Your objective:
Scan the entries that follow for the word "moreover", then report every line in which it appears.

====== Excerpted records

lemma not_complete_bipartite_if_shared_distance:
  assumes "r \<in> Sp near d" "r \<in> Sp far d"
  shows "\<not> complete_bipartite (G_prime (G_graph r X d))"
proof
  assume cb: "complete_bipartite (G_prime (G_graph r X d))"
  obtain a a' where a: "a \<in> near" "a' \<in> near" "a \<noteq> a'" "r = d a a'"
    using assms(1) by (rule SpE)
  obtain b b' where b: "b \<in> far" "b' \<in> far" "b \<noteq> b'" "r = d b b'"
    using assms(2) by (rule SpE)
  have "{a, a'} \<in> dist_edges r X d" "{b, b'} \<in> dist_edges r X d"
    using a b near_far_partition(1,2) by (auto intro!: dist_edgesI)
  then obtain p q where "p \<in> {a, a'}" "q \<in> {b, b'}" "{p, q} \<in> dist_edges r X d"
    using complete_bipartite_edges_joined cb unfolding G_prime_G_graph by blast
  then have "d p q = r" "d p q = diam"
    using dist_of_dist_edge[OF ultrametric] dist_near_far[of p q] a(1,2) b(1,2) by auto
  then show False using assms(1) diam_notin_Sp_near by simp
qed

lemma G_prime_G_graph_eq_near:
  assumes "r \<noteq> diam" "r \<notin> Sp far d"
  shows "G_prime (G_graph r X d) = G_prime (G_graph r near d)"
proof -
  have "dist_edges r far d = {}"
    using assms(2) dist_edges_eq_empty_iff by blast
  then show ?thesis
    unfolding G_prime_G_graph using dist_edges_split[OF assms(1)] by simp
qed

lemma G_prime_G_graph_eq_far:
  assumes "r \<noteq> diam" "r \<notin> Sp near d"
  shows "G_prime (G_graph r X d) = G_prime (G_graph r far d)"
proof -
  have "dist_edges r near d = {}"
    using assms(2) dist_edges_eq_empty_iff by blast
  then show ?thesis
    unfolding G_prime_G_graph using dist_edges_split[OF assms(1)] by simp
qed
text \<open>If \<open>z = y - l\<close> has minimal distance \<open>M\<close> from the scalars, then
  \<open>\<Prod>\<^sub>k (z - \<mu> \<omega>\<^sup>k) = z\<^sup>N - \<mu>\<^sup>N\<close> has seminorm at most \<open>M\<^sup>N + |\<mu>|\<^sup>N\<close>, while all factors have seminorm
  at least \<open>M\<close>; for \<open>|\<mu>| < M\<close> and \<open>N \<rightarrow> \<infinity>\<close> this forces the factor \<open>z - \<mu>\<close> to have seminorm \<open>M\<close>.\<close>

lemma scalar_dist_min_shift:
  assumes min: "\<And>b. M \<le> scalar_dist y b" and M: "M > 0"
    and l: "scalar_dist y l = M" and \<mu>: "cmod \<mu> < M"
  shows "scalar_dist y (l + \<mu>) = M"
proof (rule ccontr)
  assume "scalar_dist y (l + \<mu>) \<noteq> M"
  then have gt: "scalar_dist y (l + \<mu>) > M" using min[of "l + \<mu>"] by simp
  define \<rho> where "\<rho> = cmod \<mu> / M"
  have \<rho>: "0 \<le> \<rho>" "\<rho> < 1" using \<mu> M by (auto simp: \<rho>_def)
  define \<delta> where "\<delta> = (scalar_dist y (l + \<mu>) - M) / M"
  have \<delta>: "\<delta> > 0" using gt M by (simp add: \<delta>_def)
  obtain n where n: "\<rho> ^ n < \<delta>" using real_arch_pow_inv[OF \<delta> \<rho>(2)] by blast
  define N where "N = Suc n"
  have "\<rho> ^ N \<le> \<rho> ^ n" using \<rho> by (simp add: N_def mult_left_le_one_le)
  then have \<rho>N: "\<rho> ^ N < \<delta>" using n by simp
  define z where "z = y - sm l 1"
  have factor: "z - sm (\<mu> * unit_root N k) 1 = y - sm (l + \<mu> * unit_root N k) 1" for k
    using calg_scale_add_left[OF calg, of l "\<mu> * unit_root N k" 1] by (simp add: z_def)
  have "M ^ n \<le> (\<Prod>k<n. scalar_dist y (l + \<mu> * unit_root N (Suc k)))"
    using prod_mono[of "{..<n}" "\<lambda>_. M"] min M by simp
  then have "scalar_dist y (l + \<mu>) * M ^ n
      \<le> scalar_dist y (l + \<mu>) * (\<Prod>k<n. scalar_dist y (l + \<mu> * unit_root N (Suc k)))"
    using scalar_dist_nonneg by (rule mult_left_mono)
  also have "\<dots> = (\<Prod>k<N. scalar_dist y (l + \<mu> * unit_root N k))"
    unfolding N_def by (subst prod.lessThan_Suc_shift) simp
  also have "\<dots> = m (\<Prod>k<N. z - sm (\<mu> * unit_root N k) 1)"
    by (simp add: prod factor scalar_dist_def)
  also have "\<dots> = m (z ^ N - sm (\<mu> ^ N) 1)"
    using prod_diff_unit_roots[OF calg, of N z \<mu>] by (simp add: N_def)
  also have "\<dots> \<le> M ^ N + cmod \<mu> ^ N"
    using seminorm_diff_le[OF seminorm calg, of "z ^ N" "sm (\<mu> ^ N) 1"] l
    by (simp add: power scale_one norm_power scalar_dist_def z_def)
  also have "\<dots> = M ^ n * (M + M * \<rho> ^ N)"
    using M by (simp add: \<rho>_def N_def power_divide field_simps)
  finally have "scalar_dist y (l + \<mu>) \<le> M + M * \<rho> ^ N" using M by simp
  also have "\<dots> < M + M * \<delta>" using \<rho>N M by simp
  also have "\<dots> = scalar_dist y (l + \<mu>)" using M by (simp add: \<delta>_def)
  finally show False by simp
qed

text \<open>By the shift lemma the minimum would be attained along an unbounded ray, contradicting
  \<open>scalar_dist_ge\<close>; so every element is at distance zero from a scalar.\<close>

lemma scalar_dist_zero: "\<exists>l. scalar_dist y l = 0"
proof -
  obtain l0 where min: "\<And>b. scalar_dist y l0 \<le> scalar_dist y b"
    using scalar_dist_attains_min by blast
  define M where "M = scalar_dist y l0"
  have "M = 0"
  proof (rule ccontr)
    assume "M \<noteq> 0"
    then have M: "M > 0" using scalar_dist_nonneg[of y l0] by (simp add: M_def)
    define step where "step = complex_of_real (M / 2)"
    have ray: "scalar_dist y (l0 + of_nat k * step) = M" for k
    proof (induction k)
      case (Suc k)
      have "scalar_dist y ((l0 + of_nat k * step) + step) = M"
        using M min by (intro scalar_dist_min_shift[OF _ M Suc]) (auto simp: M_def step_def)
      then show ?case by (simp add: algebra_simps)
    qed (simp add: M_def)
    obtain k where k: "cmod l0 + m y + M < of_nat k * (M / 2)"
      using ex_less_of_nat_mult[of "M / 2" "cmod l0 + m y + M"] M by auto
    have "of_nat k * (M / 2) - cmod l0 \<le> cmod (l0 + of_nat k * step)"
      using norm_diff_ineq[of "of_nat k * step" l0] M by (simp add: step_def norm_mult add.commute)
    then have "scalar_dist y (l0 + of_nat k * step) > M"
      using scalar_dist_ge[of "l0 + of_nat k * step" y] k by simp
    then show False using ray[of k] by simp
  qed
  then show ?thesis unfolding M_def by blast
qed

definition character :: "'a \<Rightarrow> complex" where
  "character y = (SOME l. scalar_dist y l = 0)"

lemma scalar_dist_character: "scalar_dist y (character y) = 0"
  unfolding character_def using scalar_dist_zero by (rule someI_ex)

lemma character_eqI:
  assumes "m (y - sm a 1) = 0"
  shows "character y = a"
proof -
  have "sm (a - character y) 1 = (y - sm (character y) 1) - (y - sm a 1)"
    using calg_scale_diff_left[OF calg] by simp
  then have "cmod (a - character y) \<le> m (y - sm (character y) 1) + m (y - sm a 1)"
    using seminorm_diff_le[OF seminorm calg] scale_one by metis
  then show ?thesis using assms scalar_dist_character by (simp add: scalar_dist_def)
qed

lemma character_Mstar: "character \<in> Mstar sm"
proof -
  note dist0 = scalar_dist_character[unfolded scalar_dist_def]
  have zero_if_le: "m z \<le> 0 \<Longrightarrow> m z = 0" for z
    using seminorm_nonneg[OF seminorm, of z] by simp
  have "character (x + y) = character x + character y" for x y
  proof (rule character_eqI, rule zero_if_le)
    have eq: "(x + y) - sm (character x + character y) 1
        = (x - sm (character x) 1) + (y - sm (character y) 1)"
      using calg_scale_add_left[OF calg] by simp
    show "m ((x + y) - sm (character x + character y) 1) \<le> 0"
      unfolding eq
      using seminorm_triangle[OF seminorm, of "x - sm (character x) 1" "y - sm (character y) 1"] dist0
      by simp
  qed
  moreover have "character (sm a x) = a * character x" for a x
  proof (rule character_eqI)
    have "sm a x - sm (a * character x) 1 = sm a (x - sm (character x) 1)"
      using calg_scale_diff_right[OF calg] calg_scale_scale[OF calg] by simp
    then show "m (sm a x - sm (a * character x) 1) = 0"
      using seminorm_scale[OF seminorm] dist0 by simp
  qed
  moreover have "character (x * y) = character x * character y" for x y
  proof (rule character_eqI, rule zero_if_le)
    have eq: "x * y - sm (character x * character y) 1
        = (x - sm (character x) 1) * y + sm (character x) 1 * (y - sm (character y) 1)"
      using calg_scale_mult_one[OF calg] by (simp add: algebra_simps)
    show "m (x * y - sm (character x * character y) 1) \<le> 0"
      unfolding eq using seminorm_triangle[OF seminorm, of "(x - sm (character x) 1) * y"
          "sm (character x) 1 * (y - sm (character y) 1)"] dist0 mult
      by simp
  qed
  moreover have "character 1 = 1"
    by (rule character_eqI) (simp add: calg_scale_one[OF calg] seminorm_zero[OF seminorm calg])
  ultimately show ?thesis unfolding Mstar_def by (auto intro: exI[of _ 1])
qed

lemma norm_character: "cmod (character y) = m y"
  using seminorm_reverse_triangle[OF seminorm calg, of y "sm (character y) 1"] scalar_dist_character
  by (simp add: scalar_dist_def scale_one)

end

theorem uniform_seminorm_attained_by_character:
  assumes calg: "calg sm" and u: "uniform_seminorm sm p" and px: "p x > 0"
  shows "\<exists>g\<in>Mstar sm. (\<forall>y. cmod (g y) \<le> p y) \<and> cmod (g x) = p x"
proof -
  obtain m where sn: "seminorm sm m" and le_p: "\<forall>y. m y \<le> p y" and mx: "m x = p x"
    and mult: "\<forall>a y. m (a * y) = m a * m y"
    using multiplicative_seminorm_below_uniform_seminorm[OF calg u px] by blast
  have "m 1 = 1" using mult[rule_format, of x 1] mx px by simp
  then interpret mult_seminorm sm m using calg sn mult by unfold_locales auto
  show ?thesis using character_Mstar norm_character le_p mx by (intro bexI[of _ character]) auto
qed

section \<open>Topologies determined by seminorms\<close>

definition seminorm_sum :: "('a \<Rightarrow> real) set \<Rightarrow> 'a \<Rightarrow> real" where
  "seminorm_sum F y = (\<Sum>p\<in>F. p y)"

lemma seminorm_seminorm_sum:
  assumes "finite F" "\<forall>p\<in>F. seminorm sm p"
  shows "seminorm sm (seminorm_sum F)"
  unfolding seminorm_def seminorm_sum_def
proof (intro conjI allI)
  fix x y c
  show "0 \<le> (\<Sum>p\<in>F. p x)" using assms seminorm_nonneg by (intro sum_nonneg) blast
  show "(\<Sum>p\<in>F. p (x + y)) \<le> (\<Sum>p\<in>F. p x) + (\<Sum>p\<in>F. p y)"
    using assms seminorm_triangle by (simp flip: sum.distrib) (intro sum_mono, blast)
  have "\<forall>p\<in>F. p (sm c x) = cmod c * p x" using assms seminorm_scale by blast
  then show "(\<Sum>p\<in>F. p (sm c x)) = cmod c * (\<Sum>p\<in>F. p x)"
    by (simp add: sum_distrib_left)
qed

lemma seminorm_sum_ge:
  assumes "finite F" "\<forall>p\<in>F. seminorm sm p" "p \<in> F"
  shows "p y \<le> seminorm_sum F y"
  unfolding seminorm_sum_def using assms seminorm_nonneg by (intro member_le_sum) auto

lemma seminorm_sum_less:
  assumes "finite G" "\<And>p. p \<in> G \<Longrightarrow> p z \<le> t" "t * (real (card G) + 1) < \<epsilon>" "0 < \<epsilon>"
  shows "seminorm_sum G z < \<epsilon>"
proof -
  have "seminorm_sum G z \<le> real (card G) * t"
    unfolding seminorm_sum_def using sum_mono[of G "\<lambda>p. p z" "\<lambda>_. t"] assms(2) by simp
  moreover have "real (card G) * t < \<epsilon>"
  proof (cases "t \<ge> 0")
    case True
    then have "real (card G) * t \<le> t * (real (card G) + 1)" by (simp add: algebra_simps)
    then show ?thesis using assms(3) by linarith
  next
    case False
    then have "real (card G) * t \<le> 0" by (simp add: mult_nonneg_nonpos)
    then show ?thesis using assms(4) by linarith
  qed
  ultimately show ?thesis by linarith
qed

context
  fixes sm :: "complex \<Rightarrow> 'a::comm_ring_1 \<Rightarrow> 'a" and T :: "'a topology" and P :: "('a \<Rightarrow> real) set"
  assumes determined: "determined_by T P" and seminorms: "\<forall>p\<in>P. seminorm sm p"
begin

lemma openin_seminorm_sum_ball:
  assumes calg: "calg sm" and F: "finite F" "F \<subseteq> P"
  shows "openin T {y. seminorm_sum F (y - x) < r}"
  unfolding determined[unfolded determined_by_def, rule_format]
proof (intro ballI)
  fix y0 assume "y0 \<in> {y. seminorm_sum F (y - x) < r}"
  then have s: "r - seminorm_sum F (y0 - x) > 0" by simp
  have sn: "seminorm sm (seminorm_sum F)" using seminorms F by (intro seminorm_seminorm_sum) auto
  define e where "e = (r - seminorm_sum F (y0 - x)) / (real (card F) + 1)"
  have e: "e > 0" and ce: "real (card F) * e < r - seminorm_sum F (y0 - x)"
    using s by (simp_all add: e_def field_simps)
  have "{y. \<forall>p\<in>F. p (y - y0) < e} \<subseteq> {y. seminorm_sum F (y - x) < r}"
  proof
    fix y assume "y \<in> {y. \<forall>p\<in>F. p (y - y0) < e}"
    then have "seminorm_sum F (y - y0) \<le> (\<Sum>p\<in>F. e)"
      unfolding seminorm_sum_def by (intro sum_mono) (simp add: less_imp_le)
    then show "y \<in> {y. seminorm_sum F (y - x) < r}"
      using ce seminorm_diff_triangle[OF sn calg, of y x y0] by simp
  qed
  then show "\<exists>F' e. finite F' \<and> F' \<subseteq> P \<and> e > 0 \<and> {y. \<forall>p\<in>F'. p (y - y0) < e}
      \<subseteq> {y. seminorm_sum F (y - x) < r}"
    using F e by (intro exI[of _ F] exI[of _ e]) simp
qed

============

Solution to this task:
  moreover have "character (sm a x) = a * character x" for a x
  moreover have "character (x * y) = character x * character y" for x y
  moreover have "character 1 = 1"
  moreover have "real (card G) * t < \<epsilon>"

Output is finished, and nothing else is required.